Editorial: High water will come again; might something be done?Published 11:16am Thursday, June 26, 2014
Storms came. It rained 6 inches in five days. And Albert Lea was left with water in low places.
This happens just about every spring, and many of the same problems arise. Yet little to nothing is done. Let’s go over some of the issues:
First off, the Minnesota Department of Transportation needs to raise the roadbed of the portion of U.S. Highway 65 that is East Main Street near Godfather’s Pizza. It closes far too frequently for a trunk highway with a federal designation. In fact, the state ought to reimburse the city for the wear-and-tear expense of handling all the extra traffic on Bridge and Front streets.
With East Main Street closed and Wind Down Wednesday blocking some downtown routes, Fountain and Bridge streets were about as crowded as they have ever been.
We urge local leaders to push for MnDOT to resolve the flooding problem on its highway through our city.
The city has problems, too. It can’t be great publicity to have the headline “Sewer backs up into homes” in a local newspaper. It doesn’t really make new people and businesses feel all that confident about moving to Albert Lea. After all, many insurance policies do not cover sewer backups. But backups are what happens in Albert Lea as a result of high water. It’s about the worst mess to clean up, too, and the City Council was absolutely on target Monday night when it directed city staff to look into getting this problem fixed.
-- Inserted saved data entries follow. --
(* Let $(X,d,\ll,\le,\tau)$ be a locally causally closed and $d$-compatible Lorentzian pre-length space, and let $(\gamma_n)_n$ be a sequence of future-directed causal curves $\gamma_n:[0,L_n]\to X$ parametrized with respect to $d$-arclength, with $L_n:=L^d(\gamma_n)\to\infty$. Suppose that either there is a compact set containing every $\gamma_n([0,L_n])$, or $d$ is proper and $\gamma_n(0)\to x$ for some $x\in X$. Then there exist a subsequence $(\gamma_{n_k})_k$ and a future-directed causal curve $\gamma:[0,\infty)\to X$ such that $\gamma_{n_k}\to\gamma$ locally uniformly (i.e., for every $T>0$, $\gamma_{n_k}|_{[0,T]}\to\gamma|_{[0,T]}$ uniformly, this being defined for all $k$ large). Moreover, $\gamma$ is inextendible, i.e., $\lim_{t\to\infty}\gamma(t)$ does not exist in $X$.
   Context: A causal space $(X,\ll,\le)$: $\le$ reflexive and transitive, $\ll$ transitive, $x\ll y\Rightarrow x\le y$. A Lorentzian pre-length space $(X,d,\ll,\le,\tau)$ is a causal space with a metric $d$ and $\tau:X\times X\to[0,\infty]$ lower semicontinuous w.r.t. $d$, with $\tau(x,z)\ge\tau(x,y)+\tau(y,z)$ for $x\le y\le z$, $\tau(x,y)=0$ if $x\not\le y$, $\tau(x,y)>0\iff x\ll y$. A future-directed causal curve is a non-constant $d$-locally Lipschitz $\gamma:I\to X$ with $\gamma(t_1)\le\gamma(t_2)$ for $t_1<t_2$; causal curves are future- or past-directed ones. $L^d$ is $d$-arclength; $d$ is proper if closed bounded sets are compact. Locally causally closed: every point has a neighborhood $U$ such that $p_n,q_n\in U$, $p_n\le q_n$, $p_n\to p\in\bar U$, $q_n\to q\in\bar U$ imply $p\le q$. $d$-compatible: every point has a neighborhood $U$ and $C>0$ with $L^d(\gamma)\le C$ for all causal curves $\gamma$ contained in $U$. A future-directed causal curve on $[a,b)$ is inextendible if it admits no extension to a future-directed causal curve including the endpoint; for curves on $[0,\infty)$ this is understood as non-existence of $\lim_{t\to\infty}\gamma(t)$. *)

theory Defs
  imports "HOL-Analysis.Analysis"
begin

text \<open>The metric space (X,d) is the type 'a with its metric dist.
  The causal relations are ll (chronological) and le (causal); tau is the time separation.\<close>

definition causal_space :: "('a \<Rightarrow> 'a \<Rightarrow> bool) \<Rightarrow> ('a \<Rightarrow> 'a \<Rightarrow> bool) \<Rightarrow> bool" where
  "causal_space ll le \<longleftrightarrow> reflp le \<and> transp le \<and> transp ll \<and> (\<forall>x y. ll x y \<longrightarrow> le x y)"

definition lorentzian_pre_length_space ::
  "('a::metric_space \<Rightarrow> 'a \<Rightarrow> bool) \<Rightarrow> ('a \<Rightarrow> 'a \<Rightarrow> bool) \<Rightarrow> ('a \<Rightarrow> 'a \<Rightarrow> ennreal) \<Rightarrow> bool" where
  "lorentzian_pre_length_space ll le tau \<longleftrightarrow>
     causal_space ll le \<and>
     (\<forall>c. open {p :: 'a \<times> 'a. c < tau (fst p) (snd p)}) \<and>
     (\<forall>x y z. le x y \<and> le y z \<longrightarrow> tau x z \<ge> tau x y + tau y z) \<and>
     (\<forall>x y. \<not> le x y \<longrightarrow> tau x y = 0) \<and>
     (\<forall>x y. tau x y > 0 \<longleftrightarrow> ll x y)"

definition curve_length :: "(real \<Rightarrow> 'a::metric_space) \<Rightarrow> real set \<Rightarrow> ereal" where
  "curve_length \<gamma> I = Sup {ereal (\<Sum>i<n. dist (\<gamma> (p i)) (\<gamma> (p (Suc i)))) | n p.
       (\<forall>i\<le>n. p i \<in> I) \<and> (\<forall>i<n. p i \<le> p (Suc i))}"

definition locally_lipschitz_on :: "real set \<Rightarrow> (real \<Rightarrow> 'a::metric_space) \<Rightarrow> bool" where
  "locally_lipschitz_on I \<gamma> \<longleftrightarrow>
     (\<forall>t\<in>I. \<exists>e>0. \<exists>C. \<forall>s\<in>I \<inter> ball t e. \<forall>u\<in>I \<inter> ball t e. dist (\<gamma> s) (\<gamma> u) \<le> C * \<bar>s - u\<bar>)"

definition future_causal_curve ::
  "('a::metric_space \<Rightarrow> 'a \<Rightarrow> bool) \<Rightarrow> (real \<Rightarrow> 'a) \<Rightarrow> real set \<Rightarrow> bool" where
  "future_causal_curve le \<gamma> I \<longleftrightarrow> is_interval I \<and> locally_lipschitz_on I \<gamma> \<and>
     (\<exists>s\<in>I. \<exists>t\<in>I. \<gamma> s \<noteq> \<gamma> t) \<and>
     (\<forall>t1\<in>I. \<forall>t2\<in>I. t1 < t2 \<longrightarrow> le (\<gamma> t1) (\<gamma> t2))"

definition past_causal_curve ::
  "('a::metric_space \<Rightarrow> 'a \<Rightarrow> bool) \<Rightarrow> (real \<Rightarrow> 'a) \<Rightarrow> real set \<Rightarrow> bool" where
  "past_causal_curve le \<gamma> I \<longleftrightarrow> is_interval I \<and> locally_lipschitz_on I \<gamma> \<and>
     (\<exists>s\<in>I. \<exists>t\<in>I. \<gamma> s \<noteq> \<gamma> t) \<and>
     (\<forall>t1\<in>I. \<forall>t2\<in>I. t1 < t2 \<longrightarrow> le (\<gamma> t2) (\<gamma> t1))"

definition causal_curve ::
  "('a::metric_space \<Rightarrow> 'a \<Rightarrow> bool) \<Rightarrow> (real \<Rightarrow> 'a) \<Rightarrow> real set \<Rightarrow> bool" where
  "causal_curve le \<gamma> I \<longleftrightarrow> future_causal_curve le \<gamma> I \<or> past_causal_curve le \<gamma> I"

definition locally_causally_closed :: "('a::metric_space \<Rightarrow> 'a \<Rightarrow> bool) \<Rightarrow> bool" where
  "locally_causally_closed le \<longleftrightarrow>
     (\<forall>x. \<exists>U. x \<in> interior U \<and>
        (\<forall>p q p0 q0. (\<forall>n. p n \<in> U \<and> q n \<in> U \<and> le (p n) (q n)) \<and>
            p \<longlonglongrightarrow> p0 \<and> p0 \<in> closure U \<and> q \<longlonglongrightarrow> q0 \<and> q0 \<in> closure U
            \<longrightarrow> le p0 q0))"

definition d_compatible :: "('a::metric_space \<Rightarrow> 'a \<Rightarrow> bool) \<Rightarrow> bool" where
  "d_compatible le \<longleftrightarrow>
     (\<forall>x. \<exists>U C. x \<in> interior U \<and> C > 0 \<and>
        (\<forall>\<gamma> I. causal_curve le \<gamma> I \<and> \<gamma> ` I \<subseteq> U \<longrightarrow> curve_length \<gamma> I \<le> ereal C))"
We feel sorry for the effected homeowners, and we hope the city makes it so that backed-up sewers are a rarity in Albert Lea.
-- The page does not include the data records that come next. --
lemma enum_index_index_enum [simp]: "i < CARD('n) \<Longrightarrow> enum_index (index_enum i :: 'n::finite) = i"
  unfolding enum_index_def by (rule bij_betw_inv_into_left[OF bij_betw_index_enum]) simp

lemma sum_index_enum: "(\<Sum>k\<in>{0..<CARD('n)}. f (index_enum k)) = (\<Sum>a\<in>(UNIV :: 'n::finite set). f a)"
  using sum.reindex_bij_betw[OF bij_betw_index_enum] .

definition to_cmat :: "real^'n^'n \<Rightarrow> complex mat" where
  "to_cmat X = Matrix.mat CARD('n) CARD('n) (\<lambda>(i,j). complex_of_real (X $ index_enum i $ index_enum j))"

lemma to_cmat_carrier: "to_cmat (X :: real^'n^'n) \<in> carrier_mat CARD('n) CARD('n)"
  by (simp add: to_cmat_def)

lemma dim_to_cmat [simp]:
  "dim_row (to_cmat (X :: real^'n^'n)) = CARD('n)" "dim_col (to_cmat (X :: real^'n^'n)) = CARD('n)"
  by (simp_all add: to_cmat_def)

lemma to_cmat_index [simp]:
  "i < CARD('n) \<Longrightarrow> j < CARD('n) \<Longrightarrow>
    to_cmat (X :: real^'n^'n) $$ (i,j) = of_real (X $ index_enum i $ index_enum j)"
  by (simp add: to_cmat_def)

lemma to_cmat_mult:
  fixes X Y :: "real^'n^'n"
  shows "to_cmat (X ** Y) = to_cmat X * to_cmat Y"
proof (rule eq_matI)
  fix i j assume "i < dim_row (to_cmat X * to_cmat Y)" "j < dim_col (to_cmat X * to_cmat Y)"
  then have ij: "i < CARD('n)" "j < CARD('n)" by auto
  have "(to_cmat X * to_cmat Y) $$ (i,j)
      = (\<Sum>k\<in>{0..<CARD('n)}. of_real (X $ index_enum i $ index_enum k) * of_real (Y $ index_enum k $ index_enum j))"
    using ij by (simp add: scalar_prod_def)
  also have "\<dots> = (\<Sum>a\<in>UNIV. of_real (X $ index_enum i $ a) * of_real (Y $ a $ index_enum j))"
    by (rule sum_index_enum)
  also have "\<dots> = to_cmat (X ** Y) $$ (i,j)"
    using ij by (simp add: matrix_matrix_mult_def of_real_sum)
  finally show "to_cmat (X ** Y) $$ (i,j) = (to_cmat X * to_cmat Y) $$ (i,j)" by simp
qed auto

lemma to_cmat_mat_pow:
  fixes K :: "real^'n^'n"
  shows "to_cmat (mat_pow K k) = to_cmat K ^\<^sub>m k"
proof (induction k)
  case 0
  have "to_cmat (mat 1 :: real^'n^'n) = 1\<^sub>m CARD('n)"
    by (rule eq_matI) (auto simp: Finite_Cartesian_Product.mat_def, metis enum_index_index_enum)
  then show ?case by simp
next
  case (Suc k) then show ?case by (simp only: mat_pow_Suc_right to_cmat_mult pow_mat.simps)
qed

lemma complex_eigenvalue_if_eigenvalue_to_cmat:
  assumes "eigenvalue (to_cmat K) \<mu>"
  shows "complex_eigenvalue (K :: real^'n^'n) \<mu>"
proof -
  obtain v where v: "v \<in> carrier_vec CARD('n)" "v \<noteq> 0\<^sub>v CARD('n)" "to_cmat K *\<^sub>v v = \<mu> \<cdot>\<^sub>v v"
    using assms unfolding eigenvalue_def eigenvector_def using to_cmat_carrier by auto
  define z where "z a = vec_index v (enum_index a)" for a :: 'n
  have "complex_mult_vec K z a = \<mu> * z a" for a
  proof -
    have "vec_index (to_cmat K *\<^sub>v v) (enum_index a) = (\<Sum>k\<in>{0..<CARD('n)}. of_real (K $ a $ index_enum k) * z (index_enum k))"
      using v(1) by (simp add: scalar_prod_def z_def)
    also have "\<dots> = complex_mult_vec K z a"
      unfolding complex_mult_vec_def by (rule sum_index_enum)
    finally show ?thesis using v(1,3) by (simp add: z_def)
  qed
  moreover have "\<exists>i. z i \<noteq> 0"
  proof (rule ccontr)
    assume "\<not> ?thesis"
    then have "vec_index v k = 0" if "k < CARD('n)" for k
      using that enum_index_index_enum[OF that] unfolding z_def by metis
    then have "v = 0\<^sub>v CARD('n)" using v(1) by (intro eq_vecI) auto
    with v(2) show False by simp
  qed
  ultimately show ?thesis unfolding complex_eigenvalue_def by blast
qed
Many cities on rivers wait for high water to come from other places. They have hydrological monitors that people can go online and read the current water levels, usually on the National Weather Service website or the Minnesota Pollution Control Agency website.
On the NWS site, Austinites can read four monitors. One on the Cedar River near Lansing. One on Turtle Creek at the 43rd Street NW bridge. One on Dobbins Creek at the Jay C. Hormel Nature Center, and one in the middle of the city near Lafayette Park.
Albert Lea is special in that it is built on headwaters for the Shell Rock River. Upstream floods won’t flow down river to devastate our city. However, there is no hydrological monitor for Albert Leans to follow. There should be. After all, Fountain Lake water levels are near many homes and businesses. It would be good for civic awareness to go online and see the water level of Fountain Lake.
Let’s hope dealing with high water becomes a priority in the coming years, particularly after the dredging of Fountain Lake is completed. It is folly to keep having the same states of emergency declared spring after spring after spring.